Dresden, 20.12.2011: In Sachsen und ganz Ostdeutschland wird sich der Wirtschaftsaufschwung im kommenden Jahr deutlich verlangsamen. Das geht aus der neuen Konjunkturprognose des Wirtschaftsforschungsinstituts „ifo“ hervor. Laut Berechnung vorn „ifo Dresden“ ist das Bruttoinlandprodukt (BIP) im Freistaat in diesem Jahr im 2,7 Prozent geklettert, 2012 ist jedoch nur noch ein Plus von 0,4 zu erwarten. In ganz Ostdeutschland betrug das BIP-Wachstum in diesem Jahr 2,5 Prozent, für 2012 werden plus 0,5 Prozent vorausgesagt.
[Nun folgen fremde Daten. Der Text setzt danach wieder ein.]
fun stage_set :: "nat \<Rightarrow> nat set list \<Rightarrow> nat set" where
  "stage_set m [] = {..<m ^ m}"
| "stage_set m (R # cs) = R"

fun chain_ok :: "nat \<Rightarrow> nat set list \<Rightarrow> bool" where
  "chain_ok m [] = True"
| "chain_ok m (R # cs) \<longleftrightarrow> chain_ok m cs \<and> length cs + 1 < m
      \<and> R \<subseteq> stage_set m cs \<and> card R = m ^ (m - (length cs + 1))"

definition H_vertices :: "nat \<Rightarrow> hvertex set" where
  "H_vertices m = {(cs, r). chain_ok m cs \<and> r \<in> stage_set m cs}"

definition forest_parent :: "hvertex \<Rightarrow> hvertex" where
  "forest_parent v = (tl (fst v), snd v)"

definition is_leaf :: "nat \<Rightarrow> hvertex \<Rightarrow> bool" where
  "is_leaf m v \<longleftrightarrow> v \<in> H_vertices m \<and>
     \<not> (\<exists>w \<in> H_vertices m. fst w \<noteq> [] \<and> forest_parent w = v)"

definition stage_edges :: "nat \<Rightarrow> hvertex set set" where
  "stage_edges m = {(\<lambda>r. (cs, r)) ` set (take m (drop i (sorted_list_of_set (stage_set m cs))))
      | cs i. chain_ok m cs \<and> i + m \<le> card (stage_set m cs)}"

definition path_edges :: "nat \<Rightarrow> hvertex set set" where
  "path_edges m = {{(drop k cs, r) | k. k \<le> length cs} | cs r. is_leaf m (cs, r)}"

definition H_edges :: "nat \<Rightarrow> hvertex set set" where
  "H_edges m = stage_edges m \<union> path_edges m"

definition bottomless_rects :: "(real \<times> real) set set" where
  "bottomless_rects = {{(x, y). a1 \<le> x \<and> x \<le> a2 \<and> y \<le> b} | a1 a2 b. True}"

definition horizontal_strips :: "(real \<times> real) set set" where
  "horizontal_strips = {{(x, y). b1 \<le> y \<and> y \<le> b2} | b1 b2. True}"

end

theory Submission
  imports Defs "HOL-Library.Sublist"
begin

text \<open>A vertex is a pair (c, r) of its stage c, a chain of root sets, and its root index r.
  Fix a strict linear order on root sets and order the chains lexicographically from the
  oldest entry on, once by this order (x-order) and once by its converse (y-order).  A chain
  lies below another in both orders exactly when it is a suffix of it, i.e. when its stage
  lies on the way from the roots to the other one.  Put (c, r) at x = (r, x-rank of c) and
  y = (y-rank of c, r), both read lexicographically.  Then every stage fills its own
  horizontal band, ordered by r inside, so m consecutive vertices of a stage are cut out by
  a horizontal strip; and the root path ending in (L, r) consists of the vertices in the
  x-block of r lying weakly left of and below (L, r), which a bottomless rectangle cuts out.\<close>

lemma mult_add_le_mult_add_iff:
  fixes q q' a b N :: nat
  assumes "a < N" "b < N"
  shows "q * N + a \<le> q' * N + b \<longleftrightarrow> q < q' \<or> q = q' \<and> a \<le> b"
proof
  assume le: "q * N + a \<le> q' * N + b"
  have "(q * N + a) div N \<le> (q' * N + b) div N"
    using le by (rule div_le_mono)
  then have "q \<le> q'"
    using assms by simp
  then show "q < q' \<or> q = q' \<and> a \<le> b"
    using le by auto
next
  assume "q < q' \<or> q = q' \<and> a \<le> b"
  then show "q * N + a \<le> q' * N + b"
  proof
    assume "q < q'"
    then have "Suc q * N \<le> q' * N" by (rule mult_le_mono1[OF Suc_leI])
    then show ?thesis using assms by simp
  qed simp
qed

lemma strict_prefix_if_lexord_and_lexord_converse:
  assumes "asym r" "(xs, ys) \<in> lexord r" "(xs, ys) \<in> lexord (r\<inverse>)"
  shows "strict_prefix xs ys"
  using assms(2,3)
proof (induction xs arbitrary: ys)
  case Nil
  then show ?case by auto
next
  case (Cons x xs)
  then obtain y ys' where "ys = y # ys'" by (cases ys) auto
  with Cons assms(1) show ?case by (auto dest: asymD)
qed

lemma prefix_iff_lexord_and_lexord_converse:
  assumes "asym r"
  shows "prefix xs ys \<longleftrightarrow>
    (xs = ys \<or> (xs, ys) \<in> lexord r) \<and> (xs = ys \<or> (xs, ys) \<in> lexord (r\<inverse>))"
proof
  assume "prefix xs ys"
  then show "(xs = ys \<or> (xs, ys) \<in> lexord r) \<and> (xs = ys \<or> (xs, ys) \<in> lexord (r\<inverse>))"
    by (auto simp: prefix_def neq_Nil_conv intro: lexord_append_rightI)
next
  assume "(xs = ys \<or> (xs, ys) \<in> lexord r) \<and> (xs = ys \<or> (xs, ys) \<in> lexord (r\<inverse>))"
  then show "prefix xs ys"
    using strict_prefix_if_lexord_and_lexord_converse[OF assms]
    by (auto simp: strict_prefix_def)
qed

lemma strict_linear_order_rev_lexord:
  assumes "strict_linear_order r"
  shows "strict_linear_order (inv_image (lexord r) rev)"
  using assms
  unfolding strict_linear_order_on_def
  by (auto simp: lexord_transI trans_inv_image total_inv_image total_lexord
      lexord_irreflexive irrefl_def)

lemma set_take_drop_strict_sorted:
  fixes xs :: "'a::linorder list"
  assumes sorted: "sorted_wrt (<) xs" and "0 < n" "i + n \<le> length xs"
  shows "set (take n (drop i xs)) = {x \<in> set xs. xs ! i \<le> x \<and> x \<le> xs ! (i + n - 1)}"
proof -
  have nth_le_iff: "xs ! j \<le> xs ! k \<longleftrightarrow> j \<le> k" if "j < length xs" "k < length xs" for j k
    using sorted_wrt_nth_less[OF sorted] that by (metis leD le_less linorder_neqE_nat)
  have "take n (drop i xs) = map ((!) xs) [i..<i + n]"
    using assms(3) by (intro nth_equalityI) auto
  then have "set (take n (drop i xs)) = (!) xs ` {i..<i + n}"
    by simp
  also have "\<dots> = (!) xs ` {j. j < length xs \<and> xs ! i \<le> xs ! j \<and> xs ! j \<le> xs ! (i + n - 1)}"
    using assms(2,3) by (intro arg_cong[where f = "image _"]) (auto simp: nth_le_iff)
  also have "\<dots> = {x \<in> set xs. xs ! i \<le> x \<and> x \<le> xs ! (i + n - 1)}"
    by (auto simp: in_set_conv_nth)
  finally show ?thesis .
qed

lemma suffix_iff_drop: "suffix xs ys \<longleftrightarrow> (\<exists>k \<le> length ys. xs = drop k ys)"
proof
  assume "suffix xs ys"
  then obtain zs where "ys = zs @ xs"
    by (rule suffixE)
  then show "\<exists>k \<le> length ys. xs = drop k ys"
    by (intro exI[of _ "length zs"]) simp
qed (auto simp: suffix_drop)

lemma image_Int_eq_imageI:
  assumes "E \<subseteq> V" "\<And>v. v \<in> V \<Longrightarrow> f v \<in> R \<longleftrightarrow> v \<in> E"
  shows "f ` V \<inter> R = f ` E"
  using assms by blast

definition rel_rank :: "'a rel \<Rightarrow> 'a set \<Rightarrow> 'a \<Rightarrow> nat" where
  "rel_rank r A a = card {b \<in> A. (b, a) \<in> r}"

lemma rel_rank_less_card:
  assumes "finite A" "a \<in> A" "(a, a) \<notin> r"
  shows "rel_rank r A a < card A"
  unfolding rel_rank_def using assms by (intro psubset_card_mono) auto

lemma rel_rank_le_iff:
  assumes "finite A" "strict_linear_order_on A r" "a \<in> A" "b \<in> A"
  shows "rel_rank r A a \<le> rel_rank r A b \<longleftrightarrow> a = b \<or> (a, b) \<in> r"
proof -
  have "trans r" "irrefl r" and total: "total_on A r"
    using assms(2) by (simp_all add: strict_linear_order_on_def)
  then have less: "rel_rank r A c < rel_rank r A d" if "c \<in> A" "(c, d) \<in> r" for c d
    unfolding rel_rank_def using assms(1) that
    by (intro psubset_card_mono) (auto simp: irrefl_def dest: transD)
  show ?thesis
  proof
    assume "rel_rank r A a \<le> rel_rank r A b"
    then show "a = b \<or> (a, b) \<in> r"
      using less[of b a] total assms(3,4) by (force simp: total_on_def)
  qed (use less[of a b] assms(3) in auto)
qed

lemma rel_rank_eq_iff:
  assumes "finite A" "strict_linear_order_on A r" "a \<in> A" "b \<in> A"
  shows "rel_rank r A a = rel_rank r A b \<longleftrightarrow> a = b"
proof -
  have "(a, b) \<in> r \<Longrightarrow> (b, a) \<notin> r"
    using assms(2) by (auto simp: strict_linear_order_on_def irrefl_def dest: transD)
  then show ?thesis
    using rel_rank_le_iff[OF assms] rel_rank_le_iff[OF assms(1,2,4,3)] by auto
qed

lemma chain_ok_drop: "chain_ok m cs \<Longrightarrow> chain_ok m (drop k cs)"
  by (induction cs arbitrary: k) (auto simp: drop_Cons split: nat.split)

lemma stage_set_subset_drop: "chain_ok m cs \<Longrightarrow> stage_set m cs \<subseteq> stage_set m (drop k cs)"
  by (induction cs arbitrary: k) (auto simp: drop_Cons split: nat.split)

lemma stage_set_subset_roots: "chain_ok m cs \<Longrightarrow> stage_set m cs \<subseteq> {..<m ^ m}"
  by (induction cs) auto

lemma finite_chains: "finite {cs. chain_ok m cs}"
proof -
  have "chain_ok m cs \<Longrightarrow> set cs \<subseteq> Pow {..<m ^ m} \<and> length cs \<le> m" for cs
    by (induction cs) (use stage_set_subset_roots in fastforce)+
  then show ?thesis
    by (blast intro: finite_subset[OF _ finite_lists_length_le[of "Pow {..<m ^ m}" m]])
qed

lemma mem_H_vertices: "(cs, r) \<in> H_vertices m \<longleftrightarrow> chain_ok m cs \<and> r \<in> stage_set m cs"
  by (simp add: H_vertices_def)

locale forest_placement =
  fixes m :: nat and set_less :: "nat set rel"
  assumes strict_linear_order_set_less: "strict_linear_order set_less"
begin

definition x_rank :: "nat set list \<Rightarrow> nat" where
  "x_rank = rel_rank (inv_image (lexord set_less) rev) {cs. chain_ok m cs}"

definition y_rank :: "nat set list \<Rightarrow> nat" where
  "y_rank = rel_rank (inv_image (lexord (set_less\<inverse>)) rev) {cs. chain_ok m cs}"

definition x_coord :: "hvertex \<Rightarrow> nat" where
  "x_coord v = snd v * card {cs. chain_ok m cs} + x_rank (fst v)"

definition y_coord :: "hvertex \<Rightarrow> nat" where
  "y_coord v = y_rank (fst v) * m ^ m + snd v"

definition place :: "hvertex \<Rightarrow> real \<times> real" where
  "place v = (real (x_coord v), real (y_coord v))"

lemma strict_linear_order_on_chains:
  "strict_linear_order_on {cs. chain_ok m cs} (inv_image (lexord set_less) rev)"
  "strict_linear_order_on {cs. chain_ok m cs} (inv_image (lexord (set_less\<inverse>)) rev)"
  using strict_linear_order_rev_lexord[of set_less] strict_linear_order_rev_lexord[of "set_less\<inverse>"]
    strict_linear_order_set_less
  by (auto simp: strict_linear_order_on_def total_on_def)

lemma x_rank_less_card: "chain_ok m cs \<Longrightarrow> x_rank cs < card {cs. chain_ok m cs}"
  unfolding x_rank_def using finite_chains strict_linear_order_on_chains(1)
  by (intro rel_rank_less_card) (auto simp: strict_linear_order_on_def irrefl_def)

lemma x_rank_le_iff:
  "chain_ok m c \<Longrightarrow> chain_ok m d \<Longrightarrow>
    x_rank c \<le> x_rank d \<longleftrightarrow> c = d \<or> (rev c, rev d) \<in> lexord set_less"
  unfolding x_rank_def using rel_rank_le_iff[OF finite_chains strict_linear_order_on_chains(1)]
  by simp

lemma y_rank_le_iff:
  "chain_ok m c \<Longrightarrow> chain_ok m d \<Longrightarrow>
    y_rank c \<le> y_rank d \<longleftrightarrow> c = d \<or> (rev c, rev d) \<in> lexord (set_less\<inverse>)"
  unfolding y_rank_def using rel_rank_le_iff[OF finite_chains strict_linear_order_on_chains(2)]
  by simp

lemma y_rank_eq_iff: "chain_ok m c \<Longrightarrow> chain_ok m d \<Longrightarrow> y_rank c = y_rank d \<longleftrightarrow> c = d"
  unfolding y_rank_def using rel_rank_eq_iff[OF finite_chains strict_linear_order_on_chains(2)]
  by simp

lemma suffix_iff_ranks_le:
  assumes "chain_ok m c" "chain_ok m d"
  shows "suffix c d \<longleftrightarrow> x_rank c \<le> x_rank d \<and> y_rank c \<le> y_rank d"
proof -
  have "asym set_less"
    using strict_linear_order_set_less
    by (auto simp: strict_linear_order_on_def irrefl_def asym_on_def dest: transD)
  then show ?thesis
    using assms by (simp add: suffix_to_prefix prefix_iff_lexord_and_lexord_converse
        x_rank_le_iff y_rank_le_iff)
qed

lemma y_coord_le_iff:
  assumes "(c, r) \<in> H_vertices m" "(d, s) \<in> H_vertices m"
  shows "y_coord (c, r) \<le> y_coord (d, s) \<longleftrightarrow> y_rank c < y_rank d \<or> c = d \<and> r \<le> s"
proof -
  have "r < m ^ m" "s < m ^ m"
    using assms stage_set_subset_roots by (auto simp: mem_H_vertices)
  then show ?thesis
    using assms y_rank_eq_iff
    by (auto simp: y_coord_def mult_add_le_mult_add_iff mem_H_vertices)
qed

lemma inj_on_place: "inj_on place (H_vertices m)"
proof
  fix v w assume v: "v \<in> H_vertices m" and w: "w \<in> H_vertices m" and "place v = place w"
  then have "y_coord v \<le> y_coord w" "y_coord w \<le> y_coord v"
    by (simp_all add: place_def)
  moreover obtain c r d s where "v = (c, r)" "w = (d, s)"
    by fastforce
  ultimately show "v = w"
    using y_coord_le_iff[of c r d s] y_coord_le_iff[of d s c r] v w by auto
qed

lemma path_cut_by_bottomless_rect:
  assumes L: "(L, r) \<in> H_vertices m"
  shows "\<exists>R \<in> bottomless_rects.
    place ` H_vertices m \<inter> R = place ` {(drop k L, r) | k. k \<le> length L}"
proof -
  let ?K = "card {cs. chain_ok m cs}"
  define R where "R = {(x, y). real (r * ?K) \<le> x \<and> x \<le> real (x_coord (L, r))
      \<and> y \<le> real (y_coord (L, r))}"
  have "R \<in> bottomless_rects"
    unfolding R_def bottomless_rects_def by blast
  moreover have "place ` H_vertices m \<inter> R = place ` {(drop k L, r) | k. k \<le> length L}"
  proof (rule image_Int_eq_imageI)
    show "{(drop k L, r) | k. k \<le> length L} \<subseteq> H_vertices m"
      using L chain_ok_drop stage_set_subset_drop by (fastforce simp: mem_H_vertices)
  next
    fix v assume v: "v \<in> H_vertices m"
    then obtain c s where c: "v = (c, s)" "chain_ok m c" "s \<in> stage_set m c"
      by (cases v) (auto simp: mem_H_vertices)
    have bounds: "x_rank c < ?K" "x_rank L < ?K"
      using L c x_rank_less_card by (auto simp: mem_H_vertices)
    have left: "r * ?K \<le> x_coord v \<longleftrightarrow> r \<le> s"
      using mult_add_le_mult_add_iff[of 0 ?K "x_rank c" r s] bounds
      by (auto simp: x_coord_def c(1))
    have right: "x_coord v \<le> x_coord (L, r) \<longleftrightarrow> s < r \<or> s = r \<and> x_rank c \<le> x_rank L"
      using bounds by (simp add: x_coord_def c(1) mult_add_le_mult_add_iff)
    have "place v \<in> R \<longleftrightarrow>
        r * ?K \<le> x_coord v \<and> x_coord v \<le> x_coord (L, r) \<and> y_coord v \<le> y_coord (L, r)"
      by (simp add: R_def place_def del: of_nat_mult)
    also have "\<dots> \<longleftrightarrow> s = r \<and> x_rank c \<le> x_rank L \<and> y_rank c \<le> y_rank L"
      using left right y_coord_le_iff[OF v[unfolded c(1)] L] y_rank_eq_iff[of c L] L c
      by (auto simp: c(1) mem_H_vertices)
    also have "\<dots> \<longleftrightarrow> s = r \<and> suffix c L"
      using suffix_iff_ranks_le[OF c(2)] L by (simp add: mem_H_vertices)
    also have "\<dots> \<longleftrightarrow> v \<in> {(drop k L, r) | k. k \<le> length L}"
      using suffix_iff_drop[of c L] c(1) by auto
    finally show "place v \<in> R \<longleftrightarrow> v \<in> {(drop k L, r) | k. k \<le> length L}" .
  qed
  ultimately show ?thesis by blast
qed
„Das Wachstum ist stärker ausgefallen, als wir noch zu Jahresbeginn erwartet hatten“, räumte Dr. Joachim Ragnitz ein, der Vizedirektor von „ifo Dresden“. Doch Eurokrise und andere Schwächeerscheinungen der Weltwirtschaft hätten Deutschland und auch Sachsen bisher kaum getroffen.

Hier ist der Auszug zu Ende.